▶ **Problem to solve**
The lines to copy from the data below are those that hold the string "fixes".

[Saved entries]
■ ■ ■ ■

(* Let $X$ be an $n$-dimensional polyhedral normed space and let $2 \leq k \leq n-1$. Let $Y \subseteq X$ be a $k$-dimensional subspace such that every projection in $\mathcal{P}_{\min}(X, Y)$ has at most $m$ different norming pairs, where $m$ is a fixed positive integer. Then there exists $r>0$ such that for every $k$-dimensional subspace $Y_0 \subseteq X$ with $d(Y, Y_0) \leq r$, every projection in $\mathcal{P}_{\min}(X, Y_0)$ has at most $m$ different norming pairs.
   Context: A normed space $X=(\mathbb{R}^n,\|\cdot\|)$ is polyhedral if its unit ball is a convex polytope. A projection onto $Y$ is a linear $P:X\to Y$ with $P|_Y=\mathrm{id}_Y$; $\lambda(Y,X)$ is the infimum of their operator norms and $\mathcal{P}_{\min}(X,Y)$ the set of projections of norm $\lambda(Y,X)$. A norming pair for a projection $P$ is a pair $(x,f)\in \mathrm{ext}\,B_X\times \mathrm{ext}\,B_{X^*}$ (extreme points of the unit balls of $X$ and $X^*$) with $f(P(x))=\|P\|$. For $k$-dimensional subspaces $Y,Z$, $d(Y,Z)$ is the Hausdorff distance between the unit spheres of $Y$ and $Z$. *)

theory Defs
  imports "HOL-Analysis.Analysis"
begin

definition is_norm :: "(real^'n \<Rightarrow> real) \<Rightarrow> bool" where
  "is_norm N \<longleftrightarrow> (\<forall>x. 0 \<le> N x) \<and> (\<forall>x. N x = 0 \<longleftrightarrow> x = 0)
     \<and> (\<forall>c x. N (c *\<^sub>R x) = \<bar>c\<bar> * N x) \<and> (\<forall>x y. N (x + y) \<le> N x + N y)"

definition unit_ball :: "(real^'n \<Rightarrow> real) \<Rightarrow> (real^'n) set" where
  "unit_ball N = {x. N x \<le> 1}"

definition polyhedral_norm :: "(real^'n \<Rightarrow> real) \<Rightarrow> bool" where
  "polyhedral_norm N \<longleftrightarrow> is_norm N \<and> polytope (unit_ball N)"

text \<open>Dual unit ball; functionals f on real^'n are represented by vectors u, f x = u \<bullet> x.\<close>
definition dual_unit_ball :: "(real^'n \<Rightarrow> real) \<Rightarrow> (real^'n) set" where
  "dual_unit_ball N = {u. \<forall>x. N x \<le> 1 \<longrightarrow> \<bar>u \<bullet> x\<bar> \<le> 1}"

definition op_norm :: "(real^'n \<Rightarrow> real) \<Rightarrow> (real^'n \<Rightarrow> real^'n) \<Rightarrow> real" where
  "op_norm N P = Sup ((\<lambda>x. N (P x)) ` unit_ball N)"

definition is_projection :: "(real^'n) set \<Rightarrow> (real^'n \<Rightarrow> real^'n) \<Rightarrow> bool" where
  "is_projection Y P \<longleftrightarrow> linear P \<and> (\<forall>x. P x \<in> Y) \<and> (\<forall>y\<in>Y. P y = y)"

definition rel_proj_const :: "(real^'n \<Rightarrow> real) \<Rightarrow> (real^'n) set \<Rightarrow> real" where
  "rel_proj_const N Y = Inf (op_norm N ` {P. is_projection Y P})"

definition min_projections :: "(real^'n \<Rightarrow> real) \<Rightarrow> (real^'n) set \<Rightarrow> (real^'n \<Rightarrow> real^'n) set" where
  "min_projections N Y = {P. is_projection Y P \<and> op_norm N P = rel_proj_const N Y}"

definition norming_pairs :: "(real^'n \<Rightarrow> real) \<Rightarrow> (real^'n \<Rightarrow> real^'n) \<Rightarrow> ((real^'n) \<times> (real^'n)) set" where
  "norming_pairs N P = {(x, u). (x extreme_point_of (unit_ball N)) \<and> (u extreme_point_of (dual_unit_ball N))
                                \<and> u \<bullet> P x = op_norm N P}"

definition unit_sphere_in :: "(real^'n \<Rightarrow> real) \<Rightarrow> (real^'n) set \<Rightarrow> (real^'n) set" where
  "unit_sphere_in N Y = {y \<in> Y. N y = 1}"

definition subspace_dist :: "(real^'n \<Rightarrow> real) \<Rightarrow> (real^'n) set \<Rightarrow> (real^'n) set \<Rightarrow> real" where
  "subspace_dist N Y Z =
     max (SUP a\<in>unit_sphere_in N Y. INF b\<in>unit_sphere_in N Z. N (a - b))
         (SUP b\<in>unit_sphere_in N Z. INF a\<in>unit_sphere_in N Y. N (a - b))"

end

(*
  Suppose the claim fails. Then there are k-dimensional subspaces Z_j converging to Y and
  minimal projections Q_j onto Z_j with more than m norming pairs. Restricting a projection
  onto Y to a nearby Z, inverting it there and composing gives a projection onto Z of almost
  the same norm; hence the constants lambda(Z_j) stay bounded and their limsup is at most
  lambda(Y). By compactness a subsequence of the Q_j converges to a projection P onto Y of norm
  at most lambda(Y), i.e. a minimal one. Since both unit balls are polytopes there are only
  finitely many candidate pairs, and a pair that does not norm P fails to norm Q_j for all large
  j. So eventually Q_j has no more norming pairs than P, that is at most m: a contradiction.
*)

theory Submission
  imports Defs
begin

definition approx_by :: "(real^'n \<Rightarrow> real) \<Rightarrow> real \<Rightarrow> (real^'n) set \<Rightarrow> (real^'n) set \<Rightarrow> bool" where
  "approx_by N t Y Z \<longleftrightarrow> (\<forall>y\<in>Y. \<exists>z\<in>Z. N (y - z) \<le> t * N y)"

lemma projection_exists: "subspace Y \<Longrightarrow> \<exists>P. is_projection Y P"
  using linear_exists_left_inverse_on[OF linear_id, of Y] by (auto simp: is_projection_def)

lemma linear_maps_convergent_subseq:
  fixes Q :: "nat \<Rightarrow> 'a::euclidean_space \<Rightarrow> 'b::euclidean_space"
  assumes lin: "\<And>j. linear (Q j)" and bound: "\<And>j x. norm (Q j x) \<le> B * norm x" "0 \<le> B"
  shows "\<exists>\<sigma> P. strict_mono \<sigma> \<and> linear P \<and> (\<forall>x. (\<lambda>j. Q (\<sigma> j) x) \<longlonglongrightarrow> P x)"
proof -
  define F where "F j = Blinfun (Q j)" for j
  have F: "blinfun_apply (F j) = Q j" for j
    unfolding F_def using lin by (simp add: bounded_linear_Blinfun_apply linear_conv_bounded_linear)
  have "norm (F j) \<le> B" for j
    using bound by (intro norm_blinfun_bound) (auto simp: F)
  then have "bounded (range F)" by (auto simp: bounded_iff)
  then obtain \<sigma> L where "strict_mono \<sigma>" "(F \<circ> \<sigma>) \<longlonglongrightarrow> L"
    using bounded_imp_convergent_subsequence by blast
  moreover have "(\<lambda>j. Q (\<sigma> j) x) \<longlonglongrightarrow> blinfun_apply L x" if "(F \<circ> \<sigma>) \<longlonglongrightarrow> L" for x
    using blinfun.tendsto[OF that tendsto_const, of x] by (simp add: F o_def)
  moreover have "linear (blinfun_apply L)"
    using blinfun.bounded_linear_right by (rule bounded_linear.linear)
  ultimately show ?thesis by blast
qed

context
  fixes N :: "real^'n \<Rightarrow> real"
  assumes N: "is_norm N"
begin
lemma TE_iff: "e \<in> TE \<longleftrightarrow>
    (\<exists>v u w. e = {(v, u), (v, w)} \<and> u \<in> N v \<and> w \<in> N v \<and> u \<noteq> w) \<or> (\<exists>v u. e = link v u \<and> u \<in> N v)"
proof
  assume "e \<in> TE"
  then show "(\<exists>v u w. e = {(v, u), (v, w)} \<and> u \<in> N v \<and> w \<in> N v \<and> u \<noteq> w) \<or>
      (\<exists>v u. e = link v u \<and> u \<in> N v)"
    unfolding tri_E_def link_def N_def by blast
next
  assume "(\<exists>v u w. e = {(v, u), (v, w)} \<and> u \<in> N v \<and> w \<in> N v \<and> u \<noteq> w) \<or>
      (\<exists>v u. e = link v u \<and> u \<in> N v)"
  then show "e \<in> TE"
  proof
    assume "\<exists>v u w. e = {(v, u), (v, w)} \<and> u \<in> N v \<and> w \<in> N v \<and> u \<noteq> w"
    then obtain v u w where "e = {(v, u), (v, w)}" "u \<in> N v" "w \<in> N v" "u \<noteq> w" by blast
    moreover have "v \<noteq> u" "v \<noteq> w" using nbrD(1) calculation by auto
    ultimately show "e \<in> TE" unfolding tri_E_def N_def by blast
  next
    assume "\<exists>v u. e = link v u \<and> u \<in> N v"
    then obtain v u where "e = link v u" "u \<in> N v" by blast
    moreover have "v \<noteq> u" using nbrD(1) calculation by auto
    ultimately show "e \<in> TE" unfolding tri_E_def N_def link_def by blast
  qed
qed

lemma link_in_TE: "u \<in> N v \<Longrightarrow> link v u \<in> TE"
  unfolding TE_iff by blast

lemma tri_in_TE: "u \<in> N v \<Longrightarrow> w \<in> N v \<Longrightarrow> u \<noteq> w \<Longrightarrow> {(v, u), (v, w)} \<in> TE"
  unfolding TE_iff by blast

lemma TE_edge:
  assumes "e \<in> TE"
  shows "e \<subseteq> TV" "card e = 2"
proof -
  have "e \<subseteq> TV \<and> card e = 2"
    using assms nbrD(1) N_sym unfolding TE_iff by (auto simp: TV_iff link_def)
  then show "e \<subseteq> TV" "card e = 2" by auto
qed

lemma finite_TV: "finite TV"
proof -
  have "TV \<subseteq> V \<times> V" using nbrD TV_iff by auto
  then show ?thesis using finite_V finite_subset by blast
qed
lemma weighted_card_covered_less_sum:
  fixes R :: "nat \<Rightarrow> 'a set" and w :: "nat \<Rightarrow> real" and r :: real
  assumes "finite F" "0 \<le> r"
    and nonneg: "\<And>i. i \<in> F \<Longrightarrow> 0 \<le> w i"
    and dense: "\<And>i. i \<in> F \<Longrightarrow> R i \<inter> Y \<noteq> {} \<Longrightarrow> r * card (R i \<inter> Y) < w i"
    and "Y \<inter> \<Union>(R ` F) \<noteq> {}"
  shows "r * card (Y \<inter> \<Union>(R ` F)) < sum w F"
proof -
  obtain j where j: "j \<in> F" "R j \<inter> Y \<noteq> {}"
    using \<open>Y \<inter> \<Union>(R ` F) \<noteq> {}\<close> by auto
  have "real (card (Y \<inter> \<Union>(R ` F))) \<le> (\<Sum>i\<in>F. real (card (R i \<inter> Y)))"
    using card_covered_le_sum_card[OF \<open>finite F\<close>, of Y R] by (simp flip: of_nat_sum)
  then have "r * card (Y \<inter> \<Union>(R ` F)) \<le> r * (\<Sum>i\<in>F. real (card (R i \<inter> Y)))"
    using \<open>0 \<le> r\<close> by (rule mult_left_mono)
  also have "\<dots> = (\<Sum>i\<in>F. r * card (R i \<inter> Y))"
    by (simp add: sum_distrib_left)
  also have "\<dots> < sum w F"
  proof (rule sum_strict_mono_ex1[OF \<open>finite F\<close>])
    show "\<forall>i\<in>F. r * card (R i \<inter> Y) \<le> w i"
      using nonneg dense by (fastforce intro: less_imp_le)
    show "\<exists>i\<in>F. r * card (R i \<inter> Y) < w i"
      using j dense by blast
  qed
  finally show ?thesis .
qed

lemma harm_diff_add_le:
  assumes "t \<le> n"
  shows "harm (n - t) + real t / real n \<le> (harm n :: real)"
  using assms
proof (induction t)
  case 0
  then show ?case by simp
next
  case (Suc t)
  have "harm (n - t) = harm (n - Suc t) + 1 / real (n - t)"
    using harm_Suc[of "n - Suc t"] Suc.prems by (simp add: Suc_diff_Suc inverse_eq_divide)
  moreover have "1 / real n \<le> 1 / real (n - t)"
    using Suc.prems by (simp add: frac_le)
  ultimately show ?case
    using Suc by (simp add: add_divide_distrib)
qed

■ ■ ■ ■

▶ **Answer to this task**
  fixes Q :: "nat \<Rightarrow> 'a::euclidean_space \<Rightarrow> 'b::euclidean_space"
  fixes N :: "real^'n \<Rightarrow> real"
  fixes R :: "nat \<Rightarrow> 'a set" and w :: "nat \<Rightarrow> real" and r :: real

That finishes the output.